COMPOSITION COMPRISING GALLA RHOIS EXTRACT FOR PREVENTION AND TREATMENT OF OBESITY BY MEANS OF AUTOPHAGIC MECHANISM

[Technical Field]

The present invention relates to a composition comprising a Galla Rhois extract for the prevention and treatment of obesity based on the mechanism of autophage inducing system.

[Background Art]

Obesity is a body condition referring to a state when an excess body fat relative to body weight has accumulated in the body due to the imbalance between energy supply and consumption by inappropriate control by the adipocytes, which are present about 20 billion or more in the body.

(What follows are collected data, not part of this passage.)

lemma integral_at_random_index:
  fixes X :: "nat \<Rightarrow> 'a \<Rightarrow> real" and \<tau> :: "'a \<Rightarrow> nat"
  assumes \<tau>_le: "\<And>\<omega>. \<omega> \<in> space M \<Longrightarrow> \<tau> \<omega> \<le> n"
    and E: "\<And>j. j \<le> n \<Longrightarrow> {\<omega> \<in> space M. \<tau> \<omega> = j} \<in> sets M"
    and X: "\<And>j. j \<le> n \<Longrightarrow> integrable M (X j)"
  shows "integrable M (\<lambda>\<omega>. X (\<tau> \<omega>) \<omega>)"
    and "(\<integral>\<omega>. X (\<tau> \<omega>) \<omega> \<partial>M) = (\<Sum>j\<le>n. \<integral>\<omega>. indicator {\<omega> \<in> space M. \<tau> \<omega> = j} \<omega> * X j \<omega> \<partial>M)"
proof -
  have eq: "X (\<tau> \<omega>) \<omega> = (\<Sum>j\<le>n. indicator {\<omega> \<in> space M. \<tau> \<omega> = j} \<omega> * X j \<omega>)"
    if "\<omega> \<in> space M" for \<omega>
  proof -
    have "(\<Sum>j\<le>n. indicator {\<omega> \<in> space M. \<tau> \<omega> = j} \<omega> * X j \<omega>)
        = (\<Sum>j\<le>n. if j = \<tau> \<omega> then X j \<omega> else 0)"
      using that by (intro sum.cong) auto
    also have "\<dots> = X (\<tau> \<omega>) \<omega>" using \<tau>_le[OF that] by (simp add: sum.delta')
    finally show ?thesis by simp
  qed
  have i: "integrable M (\<lambda>\<omega>. indicator {\<omega> \<in> space M. \<tau> \<omega> = j} \<omega> * X j \<omega>)" if "j \<le> n" for j
    using integrable_mult_indicator[OF E X] that by simp
  have "integrable M (\<lambda>\<omega>. \<Sum>j\<le>n. indicator {\<omega> \<in> space M. \<tau> \<omega> = j} \<omega> * X j \<omega>)"
    using i by (intro Bochner_Integration.integrable_sum) auto
  then show "integrable M (\<lambda>\<omega>. X (\<tau> \<omega>) \<omega>)"
    by (subst Bochner_Integration.integrable_cong[OF refl eq]) auto
  have "(\<integral>\<omega>. X (\<tau> \<omega>) \<omega> \<partial>M)
      = (\<integral>\<omega>. (\<Sum>j\<le>n. indicator {\<omega> \<in> space M. \<tau> \<omega> = j} \<omega> * X j \<omega>) \<partial>M)"
    by (rule Bochner_Integration.integral_cong[OF refl eq])
  also have "\<dots> = (\<Sum>j\<le>n. \<integral>\<omega>. indicator {\<omega> \<in> space M. \<tau> \<omega> = j} \<omega> * X j \<omega> \<partial>M)"
    using i by (intro Bochner_Integration.integral_sum) simp
  finally show "(\<integral>\<omega>. X (\<tau> \<omega>) \<omega> \<partial>M)
      = (\<Sum>j\<le>n. \<integral>\<omega>. indicator {\<omega> \<in> space M. \<tau> \<omega> = j} \<omega> * X j \<omega> \<partial>M)" .
qed
(* Write M = A_G + I and M' = A_{co-G} + I; their quadratic forms add up to
   |x|^2 + (sum_i x_i)^2. If G has an induced path a - b - c, then x = e_a - e_b + e_c has
   x.Mx = -1, and adjoining x to the null space of M gives a subspace of dimension
   n - rank M + 1 on which the form of M is nonpositive. If G has no induced P3 it is a disjoint
   union of cliques, the null vectors of M have coordinate sum 0, and adjoining a unit vector
   gives a subspace of the same dimension on which x.Mx <= (sum_i x_i)^2, so that the form of M'
   is positive definite there. A subspace on which a form is nonpositive meets one on which it
   is positive definite only in 0; hence rank M + rank M' >= n + 2 as soon as G or its
   complement contains an induced P3, which fails only for complete and empty graphs. Comparing
   with coordinate subspaces of cocliques in the same way gives rank M >= 3 unless G is complete
   or a disjoint union of two cliques, and symmetrically for M'. Finally
   (rank M - 3)(rank M' - 3) >= 0 yields the bound. *)

section \<open>Null spaces and quadratic forms\<close>

definition null_space :: "real^'n^'m \<Rightarrow> (real^'n) set" where
  "null_space M = {x. M *v x = 0}"

lemma subspace_null_space: "subspace (null_space M)"
  by (auto simp: null_space_def subspace_def matrix_vector_right_distrib matrix_vector_mult_scaleR)

lemma dim_null_space_add_rank:
  fixes M :: "real^'n^'m"
  shows "dim (null_space M) + rank M = CARD('n)"
proof -
  have row_orth: "null_space M = {y. \<forall>x \<in> span (rows M). orthogonal x y}"
  proof (intro set_eqI iffI)
    fix y assume "y \<in> null_space M"
    then show "y \<in> {y. \<forall>x \<in> span (rows M). orthogonal x y}"
      by (simp add: null_space_def) (meson orthogonal_commute orthogonal_nullspace_rowspace)
  next
    fix y assume y: "y \<in> {y. \<forall>x \<in> span (rows M). orthogonal x y}"
    have "orthogonal (row k M) y" for k
      using y by (auto simp: rows_def intro: span_base)
    then show "y \<in> null_space M"
      by (simp add: null_space_def vec_eq_iff matrix_vector_mul_component orthogonal_def
          row_def vec_lambda_eta)
  qed
  have "dim {y \<in> UNIV. \<forall>x \<in> span (rows M). orthogonal x y} + dim (span (rows M))
      = dim (UNIV :: (real^'n) set)"
    by (rule dim_subspace_orthogonal_to_vectors) auto
  then show ?thesis
    using row_orth vec_dim_card by (simp add: row_rank_def dim_vec_eq)
qed

lemma dim_nonpos_add_dim_pos_le:
  fixes M :: "real^'n^'n"
  assumes "subspace X" "subspace Y"
    and "\<And>x. x \<in> X \<Longrightarrow> x \<bullet> (M *v x) \<le> 0"
    and "\<And>y. y \<in> Y \<Longrightarrow> y \<noteq> 0 \<Longrightarrow> y \<bullet> (M *v y) > 0"
  shows "dim X + dim Y \<le> CARD('n)"
proof -
  have "x = 0" if "x \<in> X" "x \<in> Y" for x
    using assms(3,4) that by force
  then have "X \<inter> Y = {0}"
    using assms(1,2) subspace_0 by blast
  then have "dim {x + y |x y. x \<in> X \<and> y \<in> Y} = dim X + dim Y"
    using dim_sums_Int[OF assms(1,2)] by simp
  then show ?thesis
    using dim_subset_UNIV_cart[of "{x + y |x y. x \<in> X \<and> y \<in> Y}"] by simp
qed

lemma null_space_extension:
  fixes M :: "real^'n^'m"
  assumes "M *v v \<noteq> 0"
  obtains X where "subspace X" "dim X = CARD('n) - rank M + 1"
    and "\<And>x. x \<in> X \<Longrightarrow> \<exists>z \<in> null_space M. \<exists>k. x = z + k *\<^sub>R v"
proof
  let ?N = "null_space M"
  have span_N: "span ?N = ?N"
    by (simp add: subspace_null_space)
  have "v \<notin> ?N"
    using assms by (simp add: null_space_def)
  then have "v \<notin> span ?N"
    by (metis span_N)
  then show "dim (span (insert v ?N)) = CARD('n) - rank M + 1"
    using dim_null_space_add_rank[of M] by (simp add: dim_insert)
  fix x assume "x \<in> span (insert v ?N)"
  then obtain k where "x - k *\<^sub>R v \<in> ?N"
    using span_insert[of v ?N] span_N by auto
  then show "\<exists>z \<in> ?N. \<exists>k. x = z + k *\<^sub>R v"
    by (metis diff_add_cancel)
qed simp

lemma quad_form_null_space_add:
  fixes M :: "real^'n^'n"
  assumes "transpose M = M" "z \<in> null_space M"
  shows "(z + k *\<^sub>R v) \<bullet> (M *v (z + k *\<^sub>R v)) = k\<^sup>2 * (v \<bullet> (M *v v))"
proof -
  have "z \<bullet> (M *v v) = (transpose M *v z) \<bullet> v"
    by (simp add: dot_lmul_matrix vector_transpose_matrix)
  then have "z \<bullet> (M *v v) = 0"
    using assms by (simp add: null_space_def)
  then show ?thesis
    using assms(2)
    by (simp add: null_space_def matrix_vector_right_distrib matrix_vector_mult_scaleR
        inner_add_left inner_add_right power2_eq_square)
qed

lemma quad_form_supported:
  fixes M :: "real^'n^'n"
  assumes "\<And>k. k \<notin> S \<Longrightarrow> x $ k = 0"
  shows "x \<bullet> (M *v x) = (\<Sum>i\<in>S. \<Sum>j\<in>S. x$i * M$i$j * x$j)"
proof -
  have "x \<bullet> (M *v x) = (\<Sum>i\<in>UNIV. \<Sum>j\<in>UNIV. x$i * M$i$j * x$j)"
    by (simp add: inner_vec_def matrix_vector_mult_def sum_distrib_left mult.assoc)
  also have "\<dots> = (\<Sum>i\<in>S. \<Sum>j\<in>UNIV. x$i * M$i$j * x$j)"
    by (rule sum.mono_neutral_right) (auto simp: assms)
  also have "\<dots> = (\<Sum>i\<in>S. \<Sum>j\<in>S. x$i * M$i$j * x$j)"
    by (intro sum.cong refl sum.mono_neutral_right) (auto simp: assms)
  finally show ?thesis .
qed

lemma dim_supported_on: "dim {x::real^'n. \<forall>k. k \<notin> S \<longrightarrow> x $ k = 0} = card S"
  using dim_substandard_cart[where 'a=real] by (simp only: dim_vec_eq)

section \<open>The matrices A + I of a graph and of its complement\<close>

definition closed_adj_matrix :: "('v::finite \<Rightarrow> 'v \<Rightarrow> bool) \<Rightarrow> real^'v^'v" where
  "closed_adj_matrix E = adj_matrix E + mat 1"

definition induced_P3 :: "('v \<Rightarrow> 'v \<Rightarrow> bool) \<Rightarrow> bool" where
  "induced_P3 E \<longleftrightarrow> (\<exists>a b c. E a b \<and> E b c \<and> a \<noteq> c \<and> \<not> E a c)"

definition coclique :: "('v \<Rightarrow> 'v \<Rightarrow> bool) \<Rightarrow> 'v set \<Rightarrow> bool" where
  "coclique E S \<longleftrightarrow> (\<forall>i\<in>S. \<forall>j\<in>S. \<not> E i j)"

lemma closed_adj_matrix_entry:
  "closed_adj_matrix E $ i $ j = (if E i j then 1 else 0) + (if i = j then 1 else 0)"
  by (simp add: closed_adj_matrix_def adj_matrix_def mat_def)

lemma transpose_closed_adj_matrix:
  "simple_graph E \<Longrightarrow> transpose (closed_adj_matrix E) = closed_adj_matrix E"
  by (auto simp: simple_graph_def transpose_def vec_eq_iff closed_adj_matrix_entry)

lemma simple_graph_compl: "simple_graph E \<Longrightarrow> simple_graph (compl_graph E)"
  by (auto simp: simple_graph_def compl_graph_def)

lemma compl_graph_compl_graph: "simple_graph E \<Longrightarrow> compl_graph (compl_graph E) = E"
  by (auto simp: simple_graph_def compl_graph_def fun_eq_iff)

lemma quad_form_closed_adj_add_compl:
  assumes "simple_graph E"
  shows "y \<bullet> (closed_adj_matrix E *v y) + y \<bullet> (closed_adj_matrix (compl_graph E) *v y)
    = y \<bullet> y + (\<Sum>i\<in>UNIV. y $ i)\<^sup>2"
proof -
  have sum: "closed_adj_matrix E + closed_adj_matrix (compl_graph E) = (\<chi> i j. 1) + mat 1"
    using assms
    by (auto simp: vec_eq_iff closed_adj_matrix_entry compl_graph_def simple_graph_def mat_def)
  have "y \<bullet> ((\<chi> i j. 1) *v y) = (\<Sum>i\<in>UNIV. y $ i)\<^sup>2"
    by (simp add: inner_vec_def matrix_vector_mult_def power2_eq_square sum_distrib_right)
  then have "y \<bullet> ((closed_adj_matrix E + closed_adj_matrix (compl_graph E)) *v y)
      = y \<bullet> y + (\<Sum>i\<in>UNIV. y $ i)\<^sup>2"
    unfolding sum by (simp add: matrix_vector_mult_add_rdistrib inner_add_right)
  then show ?thesis
    by (simp add: matrix_vector_mult_add_rdistrib inner_add_right)
qed

lemma quad_form_closed_adj_coclique:
  assumes "coclique E S" "\<And>k. k \<notin> S \<Longrightarrow> y $ k = 0"
  shows "y \<bullet> (closed_adj_matrix E *v y) = y \<bullet> y"
proof -
  have "y \<bullet> (closed_adj_matrix E *v y) = (\<Sum>i\<in>S. \<Sum>j\<in>S. y$i * (if i = j then 1 else 0) * y$j)"
    using assms by (simp add: quad_form_supported[of S] closed_adj_matrix_entry coclique_def)
  also have "\<dots> = (\<Sum>i\<in>S. \<Sum>j\<in>S. if i = j then y$i * y$i else 0)"
    by (intro sum.cong) auto
  also have "\<dots> = (\<Sum>i\<in>S. y$i * y$i)"
    by simp
  also have "\<dots> = (\<Sum>i\<in>UNIV. y$i * y$i)"
    by (rule sum.mono_neutral_left) (auto simp: assms(2))
  finally show ?thesis
    by (simp add: inner_vec_def)
qed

If the number of adipocytes is increased and energy and triglycerides are excessively accumulated therein, the size of adipocytes is increased, leading to obesity. Primary function of adipocytes is to store and release energy in the body. When energy supply exceeds energy consumption, most of the excess energy is converted into triglycerides and accumulated in the adipocytes. Meanwhile, when energy is exhausted, the accumulated triglycerides are degraded into free fatty acids and glycerol to be used as an energy source. The accumulation of triglycerides in the adipocytes due to the energy surplus is a major cause of obesity. There have been various efforts made to treat obesity as follows: a method of preventing the excessive supply of energy by inhibiting fat absorption into the body and giving a feeling of satiety; a method of degrading fats by using shogaol, caffenine, theophylline and the like that are isolated from ginger as an anti-obesity substance capable of accelerating fat degradation and inhibiting fat accumulation; and a method of degrading fats through the activation of adenylate cyclase and inhibition of phosphodiesterase.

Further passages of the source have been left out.